WORK TO BE COMPLETED:
Whenever the word "exists" turns up in a line below, that line should be copied.

Segment Start: DATASET RECORDS

(* Let $G$ be a connected graph and let $A\subseteq V(G)$ be such that the distance in $G$ between any two distinct members of $A$ is at least $3$. Then $\tilde{H}_k(\operatorname{ind}(G);\mathbf{k})=0$ for all $k\le|A|-2$.
   Context: All graphs are finite and simple; $\mathbf{k}$ is a fixed field. Distance is the graph (shortest-path) distance. $\operatorname{ind}(G)$ is the simplicial complex on $V(G)$ whose faces are the independent sets of $G$, and $\tilde H_k$ is reduced simplicial homology with coefficients in $\mathbf{k}$. *)

theory Defs
  imports Main
begin

definition simple_graph :: "'a set \<Rightarrow> ('a \<Rightarrow> 'a \<Rightarrow> bool) \<Rightarrow> bool" where
  "simple_graph V E \<longleftrightarrow> finite V \<and> (\<forall>x y. E x y \<longrightarrow> x \<in> V \<and> y \<in> V)
     \<and> (\<forall>x y. E x y \<longrightarrow> E y x) \<and> (\<forall>x. \<not> E x x)"

fun walk :: "'a set \<Rightarrow> ('a \<Rightarrow> 'a \<Rightarrow> bool) \<Rightarrow> 'a list \<Rightarrow> bool" where
  "walk V E [] = False"
| "walk V E [x] = (x \<in> V)"
| "walk V E (x # y # xs) = (x \<in> V \<and> E x y \<and> walk V E (y # xs))"

definition graph_connected :: "'a set \<Rightarrow> ('a \<Rightarrow> 'a \<Rightarrow> bool) \<Rightarrow> bool" where
  "graph_connected V E \<longleftrightarrow>
     (\<forall>u\<in>V. \<forall>v\<in>V. \<exists>xs. walk V E xs \<and> hd xs = u \<and> last xs = v)"

definition gdist :: "'a set \<Rightarrow> ('a \<Rightarrow> 'a \<Rightarrow> bool) \<Rightarrow> 'a \<Rightarrow> 'a \<Rightarrow> nat" where
  "gdist V E u v = (LEAST n. \<exists>xs. walk V E xs \<and> hd xs = u \<and> last xs = v \<and> length xs = Suc n)"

Segment End: DATASET RECORDS

RESULT:
     (\<forall>u\<in>V. \<forall>v\<in>V. \<exists>xs. walk V E xs \<and> hd xs = u \<and> last xs = v)"
  "gdist V E u v = (LEAST n. \<exists>xs. walk V E xs \<and> hd xs = u \<and> last xs = v \<and> length xs = Suc n)"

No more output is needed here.